As nothing was done to make the 2008 amendment law in Israel, Gamzu said he would make it an “addition” to the previous law and release the stipulations to all relevant parties. Now, in every case of animal experimentation, only the number of animals needed to test efficacy and safety can be used, and the animals’ welfare must be protected. Gamzu continued that in each case, if simulations can be used instead of animal testing, animals should not be experimented on.
AMNIOCENTESIS COULD BE REPLACED BY BLOOD TEST
Hong Kong researchers have found that an experimental DNA blood test for pregnant women can almost eliminate the need for invasive amniocentesis or a chorionic villus sample to detect Down Syndrome in their fetuses. The need for invasive testing can be cut by 98 percent, according to Prof. Dennis Lo and colleagues from the Chinese University of Hong Kong, writing in the British Medical Journal (BMJ).
The blood test uses the latest DNA technology to analyze genetic components in the mother’s blood that indicate whether the fetus has the syndrome.
Down syndrome, caused by an extra copy of the 21st chromosome, occurs in around 1 in 800 births, but older women are at higher risk. Women in high-risk groups tend to undergo a combination of scans and hormone-level tests to determine if they need an invasive test, which involves taking samples of genetic material from the fetus. However, the tests carry a 1% risk of miscarriage.

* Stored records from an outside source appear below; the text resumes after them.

(* Let $m\geq\beta\geq 1$ be integers and let $G^*$ be a graph with maximum $q$ among all graphs in $\mathfrak{G}_{m,\geq\beta}$. Let $X^*$ be a principal eigenvector of $Q(G^* )$ with coordinates $x^*_v$, let $M^*(G^* )=\{u_1v_1,\ldots,u_{\beta(G^* )}v_{\beta(G^* )}\}$ be a matching of $G^*$ extremal to $X^*$, and let $V^*=\{u_i,v_i : i=1,\ldots,\beta(G^* )\}$. Then $x^*_w\leq \min_{v\in V^*}x^*_v$ for every vertex $w\in V(G^* )\setminus V^*$.
   Context: All graphs are finite, simple and undirected (isolated vertices allowed). $Q(G)=D(G)+A(G)$ is the signless Laplacian matrix and $q(G)$ its largest eigenvalue; a principal eigenvector of $Q(G)$ is a nonnegative unit vector $X$ with $Q(G)X=q(G)X$. $\beta(G)$ is the matching number of $G$. $\mathfrak{G}_{m,\geq\beta}$ denotes the set of graphs with exactly $m$ edges and matching number at least $\beta$. For a graph $G$ with at least one edge and a principal eigenvector $X$ (coordinates $x_v$), a matching $M^*(G)$ of $G$ is said to be extremal to $X$ if it is a maximum matching (of size $\beta(G)$) and $\sum_{uv\in M^*(G)}(x_u+x_v)^2=\max_M\sum_{uv\in M}(x_u+x_v)^2$, the maximum taken over all maximum matchings $M$ of $G$. *)

theory Defs
  imports Complex_Main
begin

definition simple_graph :: "'a set \<Rightarrow> 'a set set \<Rightarrow> bool" where
  "simple_graph V E \<longleftrightarrow> finite V \<and> (\<forall>e\<in>E. \<exists>u v. u \<noteq> v \<and> e = {u, v} \<and> u \<in> V \<and> v \<in> V)"

definition degree :: "'a set set \<Rightarrow> 'a \<Rightarrow> nat" where
  "degree E v = card {e \<in> E. v \<in> e}"

definition adjacent :: "'a set set \<Rightarrow> 'a \<Rightarrow> 'a \<Rightarrow> bool" where
  "adjacent E u v \<longleftrightarrow> {u, v} \<in> E"

definition signless_lap :: "'a set \<Rightarrow> 'a set set \<Rightarrow> ('a \<Rightarrow> real) \<Rightarrow> 'a \<Rightarrow> real" where
  "signless_lap V E X v = real (degree E v) * X v + (\<Sum>u\<in>{u \<in> V. adjacent E v u}. X u)"

definition is_Q_eigenvalue :: "'a set \<Rightarrow> 'a set set \<Rightarrow> real \<Rightarrow> bool" where
  "is_Q_eigenvalue V E lam \<longleftrightarrow>
     (\<exists>X. (\<exists>v\<in>V. X v \<noteq> 0) \<and> (\<forall>v\<in>V. signless_lap V E X v = lam * X v))"

definition q_index :: "'a set \<Rightarrow> 'a set set \<Rightarrow> real" where
  "q_index V E = Max {lam. is_Q_eigenvalue V E lam}"

definition principal_eigvec :: "'a set \<Rightarrow> 'a set set \<Rightarrow> ('a \<Rightarrow> real) \<Rightarrow> bool" where
  "principal_eigvec V E X \<longleftrightarrow>
     (\<forall>v\<in>V. X v \<ge> 0) \<and> (\<Sum>v\<in>V. (X v)\<^sup>2) = 1 \<and>
     (\<forall>v\<in>V. signless_lap V E X v = q_index V E * X v)"

definition is_matching :: "'a set set \<Rightarrow> 'a set set \<Rightarrow> bool" where
  "is_matching E M \<longleftrightarrow> M \<subseteq> E \<and> (\<forall>e\<in>M. \<forall>f\<in>M. e \<noteq> f \<longrightarrow> e \<inter> f = {})"

definition matching_number :: "'a set set \<Rightarrow> nat" where
  "matching_number E = Max {card M | M. is_matching E M}"

definition is_max_matching :: "'a set set \<Rightarrow> 'a set set \<Rightarrow> bool" where
  "is_max_matching E M \<longleftrightarrow> is_matching E M \<and> card M = matching_number E"

definition matching_weight :: "('a \<Rightarrow> real) \<Rightarrow> 'a set set \<Rightarrow> real" where
  "matching_weight X M = (\<Sum>e\<in>M. (\<Sum>v\<in>e. X v)\<^sup>2)"

definition extremal_matching :: "'a set set \<Rightarrow> ('a \<Rightarrow> real) \<Rightarrow> 'a set set \<Rightarrow> bool" where
  "extremal_matching E X M \<longleftrightarrow> is_max_matching E M \<and>
     (\<forall>M'. is_max_matching E M' \<longrightarrow> matching_weight X M' \<le> matching_weight X M)"

definition graph_class :: "nat \<Rightarrow> nat \<Rightarrow> ('a set \<times> 'a set set) set" where
  "graph_class m b = {(V, E). simple_graph V E \<and> card E = m \<and> matching_number E \<ge> b}"

end
(* Let $\mathbf{T}$ be a $\sigma$-structure, $\mathbf{A}$ an instance of $\mathrm{CSP}(\mathbf{T})$, $\mathbb{F}$ a field, $D\ge1$, and $R$ a degree-$D$ pseudo-reduction operator for $P_{\mathbf{A}\to\mathbf{T}}$. Then for every $k\le D$ the collection $\kappa_R=\{\kappa_R(X):X\subseteq A,|X|\le k\}$, where $\kappa_R(X)=\{\varphi\in\mathrm{Hom}(\mathbf{A}[X],\mathbf{T}):R(m_\varphi)\ne0\}$, is $k$-consistent with all $\kappa_R(X)$ nonempty. Moreover, if $\mathbb{F}$ has characteristic $0$ and $R$ is integral, then for every $\mathbb{Z}$-linear map $h:\mathbb{Z}[\mathbf{x}_{A,T}]\to\mathbb{Z}$ with $h(1)=1$, the assignment $x_{X,\varphi}:=h(R(m_\varphi))$ for all $X\subseteq A$ with $|X|\le D$ and $\varphi\in\mathrm{Hom}(\mathbf{A}[X],\mathbf{T})$ is an integer solution of $L_D(\mathbf{A},\mathbf{T},\kappa_R)$ (and, restricted to $|X|\le k$, of $L_k(\mathbf{A},\mathbf{T},\kappa_R)$ for all $k\le D$). Consequently, if a degree-$D$ integral pseudo-reduction operator for $P_{\mathbf{A}\to\mathbf{T}}$ exists, the $\mathbb{Z}$-affine $k$-consistency algorithm for $\mathrm{CSP}(\mathbf{T})$ accepts $\mathbf{A}$ for all $k\le D$.
   Context: Relational structures: a signature $\sigma$ is a finite set of relation symbols with arities; a $\sigma$-structure $\mathbf{A}$ has a finite domain $A$ and relations $\Gamma^{\mathbf{A}}\subseteq A^{\mathrm{ar}(\Gamma)}$; a homomorphism maps tuples of $\Gamma^{\mathbf{A}}$ into $\Gamma^{\mathbf{T}}$. An instance of $\mathrm{CSP}(\mathbf{T})$ is a $\sigma$-structure no tuple of whose relations has repeated entries. For $X\subseteq A$, $\mathbf{A}[X]$ is the substructure on $X$ (tuples with all entries in $X$), and $\mathrm{Hom}(\mathbf{A}[X],\mathbf{T})$ its set of homomorphisms to $\mathbf{T}$. Polynomial encoding: $\mathbb{F}[\mathbf{x}_{A,T}]$ is the polynomial ring in variables $x_{a,i}$ ($a\in A,i\in T$). $P_{\mathbf{A}\to\mathbf{T}}$ consists of: $\sum_{i\in T}x_{a,i}-1$ for $a\in A$; $x_{a,i}x_{a,i'}$ for $a\in A$, $i\ne i'$; for each $\Gamma\in\sigma$, $(a_1,\dots,a_r)\in\Gamma^{\mathbf{A}}$ and $(c_1,\dots,c_r)\in T^r\setminus\Gamma^{\mathbf{T}}$, the monomial $\prod_jx_{a_j,c_j}$; and $x_{a,i}^2-x_{a,i}$. For a partial map $\varphi:A\to T$, $m_\varphi=\prod_{a\in\mathrm{dom}\varphi}x_{a,\varphi(a)}$ (so $m_\emptyset=1$). A degree-$D$ pseudo-reduction operator for a set $\mathcal{P}\subseteq\mathbb{F}[x_1,\dots,x_n]$ is an $\mathbb{F}$-linear map $R$ on $\mathbb{F}[x_1,\dots,x_n]$ with (1) $R(1)=1$, (2) $R(p)=0$ for all $p\in\mathcal{P}$, (3) $R(x_im)=R(x_iR(m))$ for every monomial $m$ of degree at most $D-1$ and every variable $x_i$. When $\mathbb{F}$ has characteristic $0$ (so $\mathbb{Z}\subseteq\mathbb{F}$), $R$ is integral if $R(m)\in\mathbb{Z}[x_1,\dots,x_n]$ for every monomial $m$. $k$-consistency: a collection $\kappa=\{\kappa(X):X\subseteq A,|X|\le k\}$ with $\kappa(X)\subseteq\mathrm{Hom}(\mathbf{A}[X],\mathbf{T})$ is $k$-consistent if for all $Y\subseteq X$, $|X|\le k$: every $\varphi\in\kappa(Y)$ is the restriction of some $\psi\in\kappa(X)$, and every $\psi\in\kappa(X)$ restricts to an element of $\kappa(Y)$. $L_k(\mathbf{A},\mathbf{T},\kappa)$ is the system in variables $x_{X,\varphi}$ ($|X|\le k$, $\varphi\in\mathrm{Hom}(\mathbf{A}[X],\mathbf{T})$): $\sum_{\varphi\in\kappa(X)}x_{X,\varphi}=1$ for each $|X|\le k$, and $\sum_{\varphi\in\kappa(X),\varphi|_Y=\psi}x_{X,\varphi}=x_{Y,\psi}$ for all $Y\subseteq X$, $|X|\le k$, $\psi\in\kappa(Y)$. The $\mathbb{Z}$-affine $k$-consistency algorithm for $\mathrm{CSP}(\mathbf{T})$ accepts $\mathbf{A}$ iff there is a $k$-consistent collection $\kappa$ with all $\kappa(X)$ nonempty such that $L_k(\mathbf{A},\mathbf{T},\kappa)$ has a solution over $\mathbb{Z}$. *)

theory Defs
  imports Main "HOL-Library.Poly_Mapping"
begin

The team used the most up-to-date DNA technology to test the blood samples from 753 pregnant women – all were at high risk of having a baby with Down’s – living in Hong Kong, the UK and the Netherlands. Eighty-six of the women were found to be carrying a fetus with Down syndrome. The results show that the test is highly accurate in detecting the syndrome, and does not give false negative results.
The authors concluded that the blood test could be used to accurately rule out Down syndrome among high-risk pregnancies before invasive sampling is considered, thereby reducing the number of invasive procedures.
NORMAL BODY TEMPERATURE HELPS FIGHT FUNGUS
Human body temperature – 37 degrees Celsius – is the perfect temperature to ward off fungal infection, but not so hot that we need to eat nonstop to maintain our metabolism, according to two researchers at Yeshiva University’s Albert Einstein College of Medicine in New York.
“One of the mysteries about humans and other advanced mammals has been why they are so hot compared with other animals,” said study co-author Prof. Arturo Casadevall, a microbiologist and immunologist at Einstein. “This study helps explain why mammalian temperatures are all around 37° C.”
The research builds upon his earlier work showing that the number of fungal species that can thrive and therefore infect an animal declines by 6% for every one degree Celsius rise in temperature. This means that tens of thousands of fungal species infect reptiles, amphibians and other cold-blooded animals, but only a few hundred harm mammals. Such protection against fungal infection, Casadevall has speculated, could have been crucial for the triumph of mammals following the age of dinosaurs.
Casadevall and his Einstein coauthor, Prof. Aviv Bergman, devised a mathematical model that analyzed the benefits gained by body temperatures that protect against fungi versus the costs (in terms of extra food consumption) required to maintain body temperatures between 30° and 40° C. The optimal temperature for maximizing benefits while minimizing costs was found to be 36.7° C, which is very close to normal body temperature.
“This study is a good example of how mammalian evolution has been driven by both external biological factors and internal physiological constraints,” Bergman concluded.